> **Work item**
The answer required is how many lines of the following entries contain the word "moreover", with no other words.

> **Data to use**
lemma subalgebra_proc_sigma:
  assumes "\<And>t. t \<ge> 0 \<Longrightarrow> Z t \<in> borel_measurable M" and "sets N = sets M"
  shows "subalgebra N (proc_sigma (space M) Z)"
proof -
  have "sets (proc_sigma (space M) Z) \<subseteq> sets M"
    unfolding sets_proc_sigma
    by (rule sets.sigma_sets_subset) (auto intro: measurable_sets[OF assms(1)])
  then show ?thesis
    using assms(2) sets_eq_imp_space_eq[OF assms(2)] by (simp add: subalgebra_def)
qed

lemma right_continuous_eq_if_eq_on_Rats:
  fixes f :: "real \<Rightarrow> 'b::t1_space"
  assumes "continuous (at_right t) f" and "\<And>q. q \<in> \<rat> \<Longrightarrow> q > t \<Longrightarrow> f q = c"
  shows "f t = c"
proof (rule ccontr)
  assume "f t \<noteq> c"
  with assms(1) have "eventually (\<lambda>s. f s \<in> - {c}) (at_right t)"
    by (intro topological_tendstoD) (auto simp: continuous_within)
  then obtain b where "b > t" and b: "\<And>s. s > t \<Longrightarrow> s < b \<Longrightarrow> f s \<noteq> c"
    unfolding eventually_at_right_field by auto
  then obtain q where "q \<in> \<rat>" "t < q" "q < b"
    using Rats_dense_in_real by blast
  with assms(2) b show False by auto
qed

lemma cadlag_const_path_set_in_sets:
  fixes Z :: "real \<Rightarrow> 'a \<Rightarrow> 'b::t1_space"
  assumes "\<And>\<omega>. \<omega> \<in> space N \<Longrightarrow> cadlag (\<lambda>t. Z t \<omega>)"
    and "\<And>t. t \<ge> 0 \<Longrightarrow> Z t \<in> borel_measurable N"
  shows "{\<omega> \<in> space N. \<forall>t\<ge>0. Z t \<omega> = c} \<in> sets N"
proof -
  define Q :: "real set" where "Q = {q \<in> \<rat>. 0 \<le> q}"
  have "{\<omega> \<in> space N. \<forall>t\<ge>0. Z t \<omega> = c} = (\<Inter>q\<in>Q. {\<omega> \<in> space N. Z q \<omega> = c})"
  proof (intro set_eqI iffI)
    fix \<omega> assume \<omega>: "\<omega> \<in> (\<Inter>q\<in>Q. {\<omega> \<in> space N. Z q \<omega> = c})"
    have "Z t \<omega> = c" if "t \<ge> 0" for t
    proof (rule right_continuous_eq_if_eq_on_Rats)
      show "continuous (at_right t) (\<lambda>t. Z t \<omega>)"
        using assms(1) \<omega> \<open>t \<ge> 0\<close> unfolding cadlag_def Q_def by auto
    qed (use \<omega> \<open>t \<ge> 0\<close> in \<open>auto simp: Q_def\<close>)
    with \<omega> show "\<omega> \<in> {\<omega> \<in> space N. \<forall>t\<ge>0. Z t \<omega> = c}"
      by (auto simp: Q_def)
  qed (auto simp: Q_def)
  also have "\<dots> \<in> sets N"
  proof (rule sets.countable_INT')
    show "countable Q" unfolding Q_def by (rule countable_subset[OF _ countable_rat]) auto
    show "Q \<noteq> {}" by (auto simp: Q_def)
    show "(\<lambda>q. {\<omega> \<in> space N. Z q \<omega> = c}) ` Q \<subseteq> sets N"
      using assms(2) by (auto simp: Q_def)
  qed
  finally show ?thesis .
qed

==

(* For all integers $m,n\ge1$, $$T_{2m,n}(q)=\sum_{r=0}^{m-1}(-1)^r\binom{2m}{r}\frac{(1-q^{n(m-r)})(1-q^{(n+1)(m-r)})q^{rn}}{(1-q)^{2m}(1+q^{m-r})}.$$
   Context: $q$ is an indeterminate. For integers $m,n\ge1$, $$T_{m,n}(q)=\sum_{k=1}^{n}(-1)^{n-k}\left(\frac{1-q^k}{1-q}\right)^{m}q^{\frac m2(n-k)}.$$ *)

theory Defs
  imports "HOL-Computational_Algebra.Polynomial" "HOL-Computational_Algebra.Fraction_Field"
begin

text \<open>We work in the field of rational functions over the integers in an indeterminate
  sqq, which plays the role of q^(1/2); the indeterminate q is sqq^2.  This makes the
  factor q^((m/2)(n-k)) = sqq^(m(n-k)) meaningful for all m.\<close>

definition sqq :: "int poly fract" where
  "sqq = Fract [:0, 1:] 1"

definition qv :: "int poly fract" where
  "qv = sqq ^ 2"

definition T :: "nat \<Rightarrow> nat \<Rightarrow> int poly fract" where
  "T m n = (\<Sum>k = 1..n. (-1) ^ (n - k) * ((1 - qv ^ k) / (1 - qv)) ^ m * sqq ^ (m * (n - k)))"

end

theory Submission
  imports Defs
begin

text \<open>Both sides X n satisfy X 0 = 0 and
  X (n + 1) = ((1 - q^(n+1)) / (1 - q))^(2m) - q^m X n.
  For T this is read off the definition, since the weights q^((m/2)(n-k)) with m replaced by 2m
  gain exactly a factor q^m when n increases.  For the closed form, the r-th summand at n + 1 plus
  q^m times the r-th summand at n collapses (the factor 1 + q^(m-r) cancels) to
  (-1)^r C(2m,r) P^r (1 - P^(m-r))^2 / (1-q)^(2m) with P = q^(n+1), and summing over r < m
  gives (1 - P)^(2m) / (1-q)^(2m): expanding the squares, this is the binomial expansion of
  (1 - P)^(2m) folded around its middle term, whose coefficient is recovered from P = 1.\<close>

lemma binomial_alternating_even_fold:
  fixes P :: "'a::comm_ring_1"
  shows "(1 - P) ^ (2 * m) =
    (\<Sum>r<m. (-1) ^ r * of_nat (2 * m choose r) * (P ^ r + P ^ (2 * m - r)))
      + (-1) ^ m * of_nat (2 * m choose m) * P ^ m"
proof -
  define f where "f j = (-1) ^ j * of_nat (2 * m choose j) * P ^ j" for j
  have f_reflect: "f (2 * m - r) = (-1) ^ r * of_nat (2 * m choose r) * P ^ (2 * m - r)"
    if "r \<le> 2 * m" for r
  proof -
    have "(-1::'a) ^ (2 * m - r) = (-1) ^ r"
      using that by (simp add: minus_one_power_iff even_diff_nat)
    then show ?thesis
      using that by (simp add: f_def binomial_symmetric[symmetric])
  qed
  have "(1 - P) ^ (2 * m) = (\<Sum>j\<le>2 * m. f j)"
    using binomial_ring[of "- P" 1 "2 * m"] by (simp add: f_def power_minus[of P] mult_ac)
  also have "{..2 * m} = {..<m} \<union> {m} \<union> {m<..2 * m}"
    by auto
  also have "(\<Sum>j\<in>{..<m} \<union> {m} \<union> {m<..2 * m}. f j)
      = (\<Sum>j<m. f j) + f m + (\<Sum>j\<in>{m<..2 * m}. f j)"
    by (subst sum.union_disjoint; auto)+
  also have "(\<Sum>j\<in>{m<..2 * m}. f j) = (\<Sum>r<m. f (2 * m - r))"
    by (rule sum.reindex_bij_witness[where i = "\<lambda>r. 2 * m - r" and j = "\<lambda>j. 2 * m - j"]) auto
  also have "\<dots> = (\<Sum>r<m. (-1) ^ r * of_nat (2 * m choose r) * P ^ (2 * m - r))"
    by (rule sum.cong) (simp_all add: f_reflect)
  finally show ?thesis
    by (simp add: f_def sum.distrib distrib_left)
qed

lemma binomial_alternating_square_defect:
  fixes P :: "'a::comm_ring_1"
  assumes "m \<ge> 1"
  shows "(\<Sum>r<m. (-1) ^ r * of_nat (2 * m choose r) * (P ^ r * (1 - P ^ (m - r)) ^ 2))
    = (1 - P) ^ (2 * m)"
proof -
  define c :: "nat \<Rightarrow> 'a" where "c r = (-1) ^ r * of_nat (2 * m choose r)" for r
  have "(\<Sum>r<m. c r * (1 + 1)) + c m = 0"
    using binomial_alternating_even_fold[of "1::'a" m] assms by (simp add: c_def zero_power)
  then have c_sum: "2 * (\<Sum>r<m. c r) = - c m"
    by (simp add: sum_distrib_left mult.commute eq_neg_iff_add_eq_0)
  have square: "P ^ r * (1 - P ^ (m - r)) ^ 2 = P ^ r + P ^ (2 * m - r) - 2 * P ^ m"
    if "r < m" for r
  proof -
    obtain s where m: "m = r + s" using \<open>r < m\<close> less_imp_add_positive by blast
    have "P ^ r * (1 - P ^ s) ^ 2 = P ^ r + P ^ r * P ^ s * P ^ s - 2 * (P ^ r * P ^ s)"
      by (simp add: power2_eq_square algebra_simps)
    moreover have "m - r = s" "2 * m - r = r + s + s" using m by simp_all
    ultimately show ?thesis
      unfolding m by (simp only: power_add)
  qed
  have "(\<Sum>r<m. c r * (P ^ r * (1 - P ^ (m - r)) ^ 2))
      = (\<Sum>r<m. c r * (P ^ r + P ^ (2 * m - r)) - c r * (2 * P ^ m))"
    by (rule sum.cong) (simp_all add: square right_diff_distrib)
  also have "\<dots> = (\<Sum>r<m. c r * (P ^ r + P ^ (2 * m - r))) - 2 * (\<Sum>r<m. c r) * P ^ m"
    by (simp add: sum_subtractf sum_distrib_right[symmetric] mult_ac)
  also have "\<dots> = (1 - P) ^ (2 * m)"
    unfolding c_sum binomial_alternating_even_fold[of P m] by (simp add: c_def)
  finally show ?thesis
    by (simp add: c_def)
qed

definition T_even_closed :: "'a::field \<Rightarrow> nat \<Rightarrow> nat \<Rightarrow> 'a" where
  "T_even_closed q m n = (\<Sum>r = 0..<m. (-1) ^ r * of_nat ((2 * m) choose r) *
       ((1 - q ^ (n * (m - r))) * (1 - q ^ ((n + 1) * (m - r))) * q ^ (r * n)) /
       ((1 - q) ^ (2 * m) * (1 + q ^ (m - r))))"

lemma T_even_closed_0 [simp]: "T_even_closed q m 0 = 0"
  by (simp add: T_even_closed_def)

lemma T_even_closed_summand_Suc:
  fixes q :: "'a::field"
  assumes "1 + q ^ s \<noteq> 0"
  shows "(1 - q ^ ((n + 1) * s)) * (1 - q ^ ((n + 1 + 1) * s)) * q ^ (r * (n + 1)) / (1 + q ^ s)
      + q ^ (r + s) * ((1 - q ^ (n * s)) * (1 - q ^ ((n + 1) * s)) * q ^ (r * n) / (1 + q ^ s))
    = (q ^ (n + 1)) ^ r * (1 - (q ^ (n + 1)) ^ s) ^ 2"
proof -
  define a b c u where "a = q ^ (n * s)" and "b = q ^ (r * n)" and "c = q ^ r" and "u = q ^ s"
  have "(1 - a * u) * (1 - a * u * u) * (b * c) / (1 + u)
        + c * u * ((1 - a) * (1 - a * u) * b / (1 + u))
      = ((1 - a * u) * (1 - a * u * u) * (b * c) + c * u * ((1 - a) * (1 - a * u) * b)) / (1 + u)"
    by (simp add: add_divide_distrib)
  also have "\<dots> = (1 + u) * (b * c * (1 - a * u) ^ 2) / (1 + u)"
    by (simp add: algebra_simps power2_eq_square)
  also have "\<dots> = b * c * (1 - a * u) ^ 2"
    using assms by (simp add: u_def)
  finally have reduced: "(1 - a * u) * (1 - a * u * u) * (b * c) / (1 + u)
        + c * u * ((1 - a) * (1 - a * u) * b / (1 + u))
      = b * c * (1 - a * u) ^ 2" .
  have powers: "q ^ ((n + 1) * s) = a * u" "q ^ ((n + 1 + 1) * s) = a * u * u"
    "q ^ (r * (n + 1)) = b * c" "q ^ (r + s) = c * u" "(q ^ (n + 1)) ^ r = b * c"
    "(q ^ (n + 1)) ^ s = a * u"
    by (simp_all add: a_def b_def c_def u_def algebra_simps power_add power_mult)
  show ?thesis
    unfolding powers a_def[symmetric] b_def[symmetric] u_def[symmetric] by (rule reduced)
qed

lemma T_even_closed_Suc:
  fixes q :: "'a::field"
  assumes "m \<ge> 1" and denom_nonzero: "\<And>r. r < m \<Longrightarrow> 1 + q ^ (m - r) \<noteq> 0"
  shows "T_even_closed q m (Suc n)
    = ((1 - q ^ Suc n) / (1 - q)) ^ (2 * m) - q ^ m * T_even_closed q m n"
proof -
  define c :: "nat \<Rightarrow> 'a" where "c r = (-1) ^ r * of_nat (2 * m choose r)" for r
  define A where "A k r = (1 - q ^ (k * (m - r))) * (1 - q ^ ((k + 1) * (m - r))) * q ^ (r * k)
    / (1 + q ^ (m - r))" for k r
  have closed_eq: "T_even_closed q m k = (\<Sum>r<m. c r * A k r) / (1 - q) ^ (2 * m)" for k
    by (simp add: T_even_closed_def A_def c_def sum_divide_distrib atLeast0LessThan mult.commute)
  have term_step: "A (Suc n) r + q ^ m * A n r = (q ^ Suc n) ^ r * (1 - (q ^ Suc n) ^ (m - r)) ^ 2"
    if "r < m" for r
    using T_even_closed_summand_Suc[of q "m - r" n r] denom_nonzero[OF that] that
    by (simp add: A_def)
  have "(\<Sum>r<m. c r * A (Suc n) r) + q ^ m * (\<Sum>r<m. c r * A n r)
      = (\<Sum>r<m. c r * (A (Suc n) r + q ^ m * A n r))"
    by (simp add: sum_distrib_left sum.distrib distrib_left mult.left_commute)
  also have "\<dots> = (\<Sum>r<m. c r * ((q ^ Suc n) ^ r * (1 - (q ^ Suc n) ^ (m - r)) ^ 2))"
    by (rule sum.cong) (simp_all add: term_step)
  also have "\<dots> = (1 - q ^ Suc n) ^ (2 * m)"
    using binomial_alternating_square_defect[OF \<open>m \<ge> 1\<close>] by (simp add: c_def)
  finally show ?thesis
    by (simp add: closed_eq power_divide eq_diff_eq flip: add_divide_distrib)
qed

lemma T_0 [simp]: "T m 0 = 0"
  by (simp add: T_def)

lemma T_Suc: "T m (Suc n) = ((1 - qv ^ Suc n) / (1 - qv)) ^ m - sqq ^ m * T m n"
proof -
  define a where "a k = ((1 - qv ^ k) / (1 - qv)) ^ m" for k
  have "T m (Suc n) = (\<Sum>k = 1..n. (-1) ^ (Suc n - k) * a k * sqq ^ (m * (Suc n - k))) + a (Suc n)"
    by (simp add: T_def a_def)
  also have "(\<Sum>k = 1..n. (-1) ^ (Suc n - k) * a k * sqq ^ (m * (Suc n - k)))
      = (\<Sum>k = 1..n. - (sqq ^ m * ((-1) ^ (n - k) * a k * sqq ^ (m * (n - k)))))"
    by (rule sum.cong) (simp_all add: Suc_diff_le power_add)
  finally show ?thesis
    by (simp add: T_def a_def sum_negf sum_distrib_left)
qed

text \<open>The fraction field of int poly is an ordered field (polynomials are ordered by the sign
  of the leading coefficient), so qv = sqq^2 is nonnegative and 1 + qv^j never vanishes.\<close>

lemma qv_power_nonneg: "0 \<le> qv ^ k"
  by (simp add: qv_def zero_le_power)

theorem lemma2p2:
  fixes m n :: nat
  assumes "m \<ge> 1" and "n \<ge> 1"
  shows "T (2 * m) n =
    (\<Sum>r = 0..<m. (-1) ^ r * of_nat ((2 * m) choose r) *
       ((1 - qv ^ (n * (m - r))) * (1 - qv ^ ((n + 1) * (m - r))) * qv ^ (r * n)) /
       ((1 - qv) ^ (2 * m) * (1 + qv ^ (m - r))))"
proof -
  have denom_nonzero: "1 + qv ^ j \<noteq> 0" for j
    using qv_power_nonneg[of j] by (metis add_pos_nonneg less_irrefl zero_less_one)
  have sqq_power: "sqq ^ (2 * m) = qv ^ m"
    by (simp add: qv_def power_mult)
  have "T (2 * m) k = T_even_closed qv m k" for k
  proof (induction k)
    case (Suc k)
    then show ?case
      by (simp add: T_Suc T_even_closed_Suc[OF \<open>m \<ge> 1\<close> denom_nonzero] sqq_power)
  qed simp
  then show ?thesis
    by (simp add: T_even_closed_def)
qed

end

---

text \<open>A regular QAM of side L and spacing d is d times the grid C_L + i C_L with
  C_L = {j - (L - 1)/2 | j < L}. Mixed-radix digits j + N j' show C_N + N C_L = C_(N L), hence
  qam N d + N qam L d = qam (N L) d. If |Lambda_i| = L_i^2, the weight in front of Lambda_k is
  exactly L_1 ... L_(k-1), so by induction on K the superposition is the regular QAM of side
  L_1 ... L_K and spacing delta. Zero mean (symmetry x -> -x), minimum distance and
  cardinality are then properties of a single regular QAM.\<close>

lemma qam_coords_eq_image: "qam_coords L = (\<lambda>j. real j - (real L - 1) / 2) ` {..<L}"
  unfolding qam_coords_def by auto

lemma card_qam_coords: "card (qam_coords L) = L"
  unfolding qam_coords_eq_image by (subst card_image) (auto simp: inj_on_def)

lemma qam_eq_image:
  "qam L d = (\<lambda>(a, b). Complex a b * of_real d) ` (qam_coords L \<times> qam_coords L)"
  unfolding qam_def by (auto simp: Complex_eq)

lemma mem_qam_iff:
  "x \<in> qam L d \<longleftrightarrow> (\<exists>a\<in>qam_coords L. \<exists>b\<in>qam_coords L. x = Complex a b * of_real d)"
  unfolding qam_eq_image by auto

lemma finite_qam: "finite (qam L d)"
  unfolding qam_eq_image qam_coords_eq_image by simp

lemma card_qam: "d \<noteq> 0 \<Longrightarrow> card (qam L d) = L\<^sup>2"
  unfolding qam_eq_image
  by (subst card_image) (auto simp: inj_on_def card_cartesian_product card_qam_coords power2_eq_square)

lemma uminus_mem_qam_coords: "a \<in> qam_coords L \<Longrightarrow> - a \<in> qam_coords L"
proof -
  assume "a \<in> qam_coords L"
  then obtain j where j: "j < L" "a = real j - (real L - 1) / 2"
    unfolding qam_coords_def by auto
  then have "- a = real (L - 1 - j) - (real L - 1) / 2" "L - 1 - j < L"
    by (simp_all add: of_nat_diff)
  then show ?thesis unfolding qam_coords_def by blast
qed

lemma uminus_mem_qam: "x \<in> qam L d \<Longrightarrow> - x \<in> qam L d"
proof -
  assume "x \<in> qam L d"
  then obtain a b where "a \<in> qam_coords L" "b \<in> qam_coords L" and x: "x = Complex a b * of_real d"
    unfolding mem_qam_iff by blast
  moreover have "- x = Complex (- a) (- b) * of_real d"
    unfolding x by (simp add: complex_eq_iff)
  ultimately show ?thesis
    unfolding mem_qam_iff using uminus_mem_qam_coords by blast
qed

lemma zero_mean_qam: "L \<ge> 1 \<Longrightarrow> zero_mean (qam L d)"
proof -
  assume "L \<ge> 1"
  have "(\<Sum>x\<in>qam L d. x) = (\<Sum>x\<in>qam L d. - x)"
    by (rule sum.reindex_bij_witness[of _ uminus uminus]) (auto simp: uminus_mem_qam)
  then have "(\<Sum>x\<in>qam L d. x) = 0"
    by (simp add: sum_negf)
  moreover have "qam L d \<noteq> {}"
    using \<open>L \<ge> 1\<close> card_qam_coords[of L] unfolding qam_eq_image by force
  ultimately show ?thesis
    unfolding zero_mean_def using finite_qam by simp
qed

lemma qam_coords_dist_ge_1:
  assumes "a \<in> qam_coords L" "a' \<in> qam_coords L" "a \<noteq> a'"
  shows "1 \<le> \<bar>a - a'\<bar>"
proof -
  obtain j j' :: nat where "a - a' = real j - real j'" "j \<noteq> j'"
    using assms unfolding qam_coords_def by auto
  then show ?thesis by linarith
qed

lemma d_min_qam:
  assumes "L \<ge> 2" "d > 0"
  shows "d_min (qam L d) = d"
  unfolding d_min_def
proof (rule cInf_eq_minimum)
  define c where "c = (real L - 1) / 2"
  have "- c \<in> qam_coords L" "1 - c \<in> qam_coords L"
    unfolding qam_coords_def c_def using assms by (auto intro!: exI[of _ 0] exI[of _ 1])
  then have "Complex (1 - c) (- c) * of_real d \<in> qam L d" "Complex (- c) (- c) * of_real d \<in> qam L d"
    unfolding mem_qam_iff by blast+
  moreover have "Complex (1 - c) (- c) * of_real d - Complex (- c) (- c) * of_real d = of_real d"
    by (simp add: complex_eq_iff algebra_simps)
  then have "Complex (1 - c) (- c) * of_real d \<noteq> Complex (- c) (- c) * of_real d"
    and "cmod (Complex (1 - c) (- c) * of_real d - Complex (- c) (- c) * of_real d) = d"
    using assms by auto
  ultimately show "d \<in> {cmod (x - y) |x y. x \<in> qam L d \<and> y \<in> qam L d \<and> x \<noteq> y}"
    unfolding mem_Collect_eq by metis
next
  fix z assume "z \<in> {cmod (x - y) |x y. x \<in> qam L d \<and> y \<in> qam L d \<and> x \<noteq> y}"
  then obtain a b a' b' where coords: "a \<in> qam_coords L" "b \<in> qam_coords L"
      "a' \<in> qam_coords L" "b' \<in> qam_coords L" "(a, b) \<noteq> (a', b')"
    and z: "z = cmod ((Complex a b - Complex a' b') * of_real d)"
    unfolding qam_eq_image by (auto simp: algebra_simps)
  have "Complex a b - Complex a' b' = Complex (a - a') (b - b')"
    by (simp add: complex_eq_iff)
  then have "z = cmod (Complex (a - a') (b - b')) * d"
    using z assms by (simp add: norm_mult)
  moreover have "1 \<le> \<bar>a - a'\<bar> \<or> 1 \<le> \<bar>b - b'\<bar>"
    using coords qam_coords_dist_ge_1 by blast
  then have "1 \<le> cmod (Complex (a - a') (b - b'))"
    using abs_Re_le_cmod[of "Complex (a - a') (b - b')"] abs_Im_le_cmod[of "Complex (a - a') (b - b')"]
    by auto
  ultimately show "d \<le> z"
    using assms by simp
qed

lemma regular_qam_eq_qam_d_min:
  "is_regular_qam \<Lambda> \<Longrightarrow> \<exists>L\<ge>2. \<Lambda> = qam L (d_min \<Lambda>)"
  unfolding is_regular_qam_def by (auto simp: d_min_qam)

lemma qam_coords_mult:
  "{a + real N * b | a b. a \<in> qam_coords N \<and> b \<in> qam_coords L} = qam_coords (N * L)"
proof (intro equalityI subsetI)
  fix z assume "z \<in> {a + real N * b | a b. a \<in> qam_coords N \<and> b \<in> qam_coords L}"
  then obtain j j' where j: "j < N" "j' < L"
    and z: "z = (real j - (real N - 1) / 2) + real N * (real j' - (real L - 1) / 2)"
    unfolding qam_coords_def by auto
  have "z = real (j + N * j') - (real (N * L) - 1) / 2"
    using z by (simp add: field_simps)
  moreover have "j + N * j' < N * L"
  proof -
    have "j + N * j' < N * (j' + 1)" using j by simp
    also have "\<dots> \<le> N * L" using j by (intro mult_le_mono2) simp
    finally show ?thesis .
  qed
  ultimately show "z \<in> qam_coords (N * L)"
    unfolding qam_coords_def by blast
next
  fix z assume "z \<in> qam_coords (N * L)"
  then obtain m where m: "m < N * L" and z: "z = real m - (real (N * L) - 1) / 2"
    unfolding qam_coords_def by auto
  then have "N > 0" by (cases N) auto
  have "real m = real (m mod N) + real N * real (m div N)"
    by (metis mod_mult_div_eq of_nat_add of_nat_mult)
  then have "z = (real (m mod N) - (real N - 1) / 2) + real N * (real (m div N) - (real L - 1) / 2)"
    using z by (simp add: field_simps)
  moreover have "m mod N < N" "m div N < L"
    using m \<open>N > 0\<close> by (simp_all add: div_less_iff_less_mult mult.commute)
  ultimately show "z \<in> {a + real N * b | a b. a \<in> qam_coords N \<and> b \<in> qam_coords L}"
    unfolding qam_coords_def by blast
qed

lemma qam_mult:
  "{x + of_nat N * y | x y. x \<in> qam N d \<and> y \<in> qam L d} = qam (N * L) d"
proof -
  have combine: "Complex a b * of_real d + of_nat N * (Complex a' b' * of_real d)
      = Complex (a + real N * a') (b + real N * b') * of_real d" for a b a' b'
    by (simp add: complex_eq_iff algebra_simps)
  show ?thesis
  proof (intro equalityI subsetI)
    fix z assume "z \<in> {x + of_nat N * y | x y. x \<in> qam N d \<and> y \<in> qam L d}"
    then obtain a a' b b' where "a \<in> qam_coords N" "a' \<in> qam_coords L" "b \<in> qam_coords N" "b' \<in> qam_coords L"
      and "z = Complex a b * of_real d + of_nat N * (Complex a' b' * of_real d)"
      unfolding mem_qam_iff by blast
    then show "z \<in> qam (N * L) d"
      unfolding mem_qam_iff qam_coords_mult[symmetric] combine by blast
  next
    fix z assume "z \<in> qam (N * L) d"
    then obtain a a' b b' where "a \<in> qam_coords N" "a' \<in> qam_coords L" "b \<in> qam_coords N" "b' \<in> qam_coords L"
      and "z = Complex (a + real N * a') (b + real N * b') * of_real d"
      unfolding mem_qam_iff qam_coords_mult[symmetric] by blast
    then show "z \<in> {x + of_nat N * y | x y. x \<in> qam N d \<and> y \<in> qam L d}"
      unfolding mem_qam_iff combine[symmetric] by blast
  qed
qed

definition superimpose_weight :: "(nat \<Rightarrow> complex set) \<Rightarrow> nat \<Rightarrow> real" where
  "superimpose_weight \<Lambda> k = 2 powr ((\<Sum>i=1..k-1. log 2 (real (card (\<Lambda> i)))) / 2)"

> **Solved problem**
7